Words :: Sean Starke // Images :: Sean Starke

In the future, your walls will not be white.
Think about it. Interior designers tend to focus on furniture pieces and lighting fixtures, ceiling fans and flooring materials. Yet what better medium to express our design aesthetic than the broad, blank walls that surround a space? Well, one Vancouver design company is putting out the call: the future is graphic and walls are the new canvases. Founded by designers Anita Modha and Jonathan Nodrick, Rollout Custom Wallpaper is creating wallcoverings that are edgy, street-wise and a bit – ahem – off the wall. Despite being in business for less than three years, Modha and Nodrick have quickly become the cool kids of alternative wallcoverings. They’ve already been embraced by the NYC design scene, and boast a client list that includes Microsoft Zune.
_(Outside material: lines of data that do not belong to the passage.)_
definition out_space :: "nat \<Rightarrow> (nat \<Rightarrow> real) measure" where
  "out_space n = PiM {..<n} (\<lambda>_. lborel)"

definition word_density :: "real \<Rightarrow> nat \<Rightarrow> (nat \<Rightarrow> bool) \<Rightarrow> (nat \<Rightarrow> real) \<Rightarrow> real" where
  "word_density lam n x z = (\<Prod>i<n. g_awgn lam (x i) (z i))"

text \<open>Cosets of C1 in C0; they index the messages W.\<close>
definition cosets :: "(nat \<Rightarrow> bool) set \<Rightarrow> (nat \<Rightarrow> bool) set \<Rightarrow> (nat \<Rightarrow> bool) set set" where
  "cosets C0 C1 = (\<lambda>x. vxor x ` C1) ` C0"

definition msg_density :: "real \<Rightarrow> nat \<Rightarrow> (nat \<Rightarrow> bool) set \<Rightarrow> (nat \<Rightarrow> real) \<Rightarrow> real" where
  "msg_density lam n w z = (1 / real (card w)) * (\<Sum>x\<in>w. word_density lam n x z)"

text \<open>Conditional entropy H(W|Z) in bits, W uniform over the cosets.\<close>
definition equivocation :: "real \<Rightarrow> nat \<Rightarrow> (nat \<Rightarrow> bool) set \<Rightarrow> (nat \<Rightarrow> bool) set \<Rightarrow> real" where
  "equivocation lam n C0 C1 =
     (let M = real (card (cosets C0 C1));
          pz = (\<lambda>z. (1 / M) * (\<Sum>w\<in>cosets C0 C1. msg_density lam n w z))
      in \<integral>z. (\<Sum>w\<in>cosets C0 C1. (msg_density lam n w z / M) *
               (- log 2 ((msg_density lam n w z / M) / pz z))) \<partial>out_space n)"

definition nested_rate :: "nat \<Rightarrow> (nat \<Rightarrow> bool) set \<Rightarrow> (nat \<Rightarrow> bool) set \<Rightarrow> real" where
  "nested_rate n C0 C1 = code_rate n C0 - code_rate n C1"

text \<open>Legitimate receiver (noiseless main channel): it observes x and decodes the coset
  containing x (if unique, otherwise an arbitrary coset).  Error probability with uniform W.\<close>
definition legit_decode :: "(nat \<Rightarrow> bool) set \<Rightarrow> (nat \<Rightarrow> bool) set \<Rightarrow> (nat \<Rightarrow> bool) \<Rightarrow> (nat \<Rightarrow> bool) set" where
  "legit_decode C0 C1 x = (SOME w. w \<in> cosets C0 C1 \<and> x \<in> w)"

definition legit_error :: "(nat \<Rightarrow> bool) set \<Rightarrow> (nat \<Rightarrow> bool) set \<Rightarrow> real" where
  "legit_error C0 C1 =
     (1 / real (card (cosets C0 C1))) *
     (\<Sum>w\<in>cosets C0 C1. (1 / real (card w)) *
        (\<Sum>x\<in>w. if legit_decode C0 C1 x = w then 0 else 1))"

definition achievable_nested ::
  "real \<Rightarrow> (nat \<Rightarrow> (nat \<Rightarrow> bool) set) \<Rightarrow> (nat \<Rightarrow> (nat \<Rightarrow> bool) set) \<Rightarrow> real \<Rightarrow> real \<Rightarrow> bool" where
  "achievable_nested lam C0 C1 R Req \<longleftrightarrow>
     (\<lambda>n. nested_rate n (C0 n) (C1 n)) \<longlonglongrightarrow> R \<and>
     (\<lambda>n. legit_error (C0 n) (C1 n)) \<longlonglongrightarrow> 0 \<and>
     convergent (\<lambda>n. equivocation lam n (C0 n) (C1 n) / real n) \<and>
     Req \<le> lim (\<lambda>n. equivocation lam n (C0 n) (C1 n) / real n)"

end

(* Every likelihood of the eavesdropper's channel splits as min(g(z|0), g(z|1)) plus a gap
   term carried by the more likely bit, so the channel is a mixture of an erasure channel and
   a noiseless one; integrated over z, a position is seen through the noiseless part with
   probability alpha = 1 - 2 Q(sqrt(2 lam)) <= 1 - R.  Fix the set U of such positions.  A
   character-sum count shows that a coset of the dual code contains at most the fraction
   |C supported on U| / |C| of the vectors with a given pattern on U, and Gibbs' inequality
   turns this into the pointwise bound H(W | Z = z) >= log |C| - log |C supported on U| on
   average over U.  The subtracted term is the equivocation of a uniform codeword of C sent
   over a binary erasure channel that erases U; it is at most 2n times the BEC word error
   probability and is n-Lipschitz in the erasure probability, so it is o(n) below the erasure
   threshold 1 - R.  Hence H(W|Z)/n tends to R = lim log |C| / n, the rate of the nested
   code. *)

theory Submission
  imports Defs
begin

section \<open>Binary vectors and characters\<close>

definition vecs_on :: "nat set \<Rightarrow> (nat \<Rightarrow> bool) set" where
  "vecs_on S = {x. \<forall>i. i \<notin> S \<longrightarrow> \<not> x i}"

lemma vecs_eq_vecs_on: "vecs n = vecs_on {..<n}"
  unfolding vecs_def vecs_on_def by auto

lemma bij_betw_vecs_on_Pow: "bij_betw (\<lambda>x. {i. x i}) (vecs_on S) (Pow S)"
  by (rule bij_betwI[where g="\<lambda>A i. i \<in> A"]) (auto simp: vecs_on_def)

lemma finite_vecs_on: "finite S \<Longrightarrow> finite (vecs_on S)"
  using bij_betw_vecs_on_Pow[of S] bij_betw_finite by blast

lemma card_vecs_on: "finite S \<Longrightarrow> card (vecs_on S) = 2 ^ card S"
  using bij_betw_same_card[OF bij_betw_vecs_on_Pow[of S]] by (simp add: card_Pow)

lemma finite_vecs: "finite (vecs n)"
  unfolding vecs_eq_vecs_on by (simp add: finite_vecs_on)

lemma card_vecs: "card (vecs n) = 2 ^ n"
  unfolding vecs_eq_vecs_on by (simp add: card_vecs_on)

lemma vxor_cancel_right: "vxor (vxor x y) y = x"
  unfolding vxor_def by auto

lemma vxor_cancel_left: "vxor x (vxor x y) = y"
  unfolding vxor_def by auto

lemma vxor_self [simp]: "vxor x x = (\<lambda>_. False)"
  unfolding vxor_def by simp

lemma vxor_vecs_on: "x \<in> vecs_on S \<Longrightarrow> y \<in> vecs_on S \<Longrightarrow> vxor x y \<in> vecs_on S"
  unfolding vecs_on_def vxor_def by auto

lemma inj_on_vxor: "inj_on (vxor x) A"
  by (rule inj_onI) (metis vxor_cancel_left)

lemma inj_on_vxor_right: "inj_on (\<lambda>y. vxor y x) A"
  by (rule inj_onI) (metis vxor_cancel_right)

lemma sum_eq_zero_by_sign_involution:
  fixes g :: "'a \<Rightarrow> real"
  assumes "\<forall>x\<in>A. f x \<in> A" "\<forall>x\<in>A. f (f x) = x" "\<forall>x\<in>A. g (f x) = - g x"
  shows "sum g A = 0"
proof -
  have "bij_betw f A A"
    by (rule bij_betwI[where g=f]) (use assms in auto)
  then have "sum g A = sum (g \<circ> f) A"
    by (simp add: sum.reindex_bij_betw)
  also have "\<dots> = - sum g A"
    using assms(3) by (simp add: sum_negf[symmetric])
  finally show ?thesis by simp
qed

lemma dot_zero_commute: "dot_zero n x y \<longleftrightarrow> dot_zero n y x"
  unfolding dot_zero_def by (simp add: conj_commute)

lemma dot_zero_vxor:
  "dot_zero n x (vxor y z) \<longleftrightarrow> (dot_zero n x y \<longleftrightarrow> dot_zero n x z)"
proof -
  let ?c = "\<lambda>P. card {i\<in>{..<n}. P i}"
  have card_eq_sum: "?c P = (\<Sum>i<n. if P i then 1 else 0)" for P
    by (subst sum.inter_filter[symmetric]) auto
  have "?c (\<lambda>i. x i \<and> vxor y z i) + 2 * ?c (\<lambda>i. x i \<and> y i \<and> z i)
      = ?c (\<lambda>i. x i \<and> y i) + ?c (\<lambda>i. x i \<and> z i)"
    unfolding card_eq_sum sum_distrib_left sum.distrib[symmetric]
    by (rule sum.cong) (auto simp: vxor_def)
  from arg_cong[where f=even, OF this] show ?thesis
    unfolding dot_zero_def by simp
qed

lemma dot_zero_zero [simp]: "dot_zero n x (\<lambda>_. False)"
  unfolding dot_zero_def by simp

definition character :: "nat \<Rightarrow> (nat \<Rightarrow> bool) \<Rightarrow> (nat \<Rightarrow> bool) \<Rightarrow> real" where
  "character n x y = (if dot_zero n x y then 1 else -1)"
Ok, wait a minute. Did I miss something? We’re talking about wallpaper, right? Like many people, I thought wallpaper was for design-challenged kitsch mongers and the over-sixty crowd. As a card carrying Modernist, I tend to be suspicious of even coloured paint. Apparently the tide is changing, however. With patterns, graphics, and even wall-size photographs that are courageously bold, ornate, and colourful, Rollout is breaking all the rules of polite décor.
“We think people are starved for colour and warmth in modern interiors,” argues Modha, “I think it’s exciting to walk into a room and see all this colour and imagery on the walls instead of just cold, gallery-perfect white.” Nodrick agrees. “Interior design has been so minimal for so long, but it doesn’t have to be. You can combine stripes on stripes on plaid, if you want. If you have the confidence in it and it works for your residence or your brand, you can create something really unique.” So the aloofness of modern minimalism is on the way out? “It is for us,” Nodrick replies, “we’re into adding more colour, more texture, more everything.”
If Rollout’s approach seems new, their medium certainly isn’t. Wallpaper is an ancient decorating choice that has been around for, well, let’s just say a long time. The Chinese were gluing rice paper to their walls as far back as 200 BC, and in the late 1800s William Morris and the Arts and Crafts Movement popularized wallpaper as a form of artistic expression. Morris’ designs were hand painted, and the affordable printed rolls enabled many middle-class homes to be surrounded by art. Sometime around the 1960s and 70s, however, wallpaper took on the cheap chintz feeling of your grandmother’s kitschy kitchen. Since then it has been practically verboten in high design circles as a decorating strategy.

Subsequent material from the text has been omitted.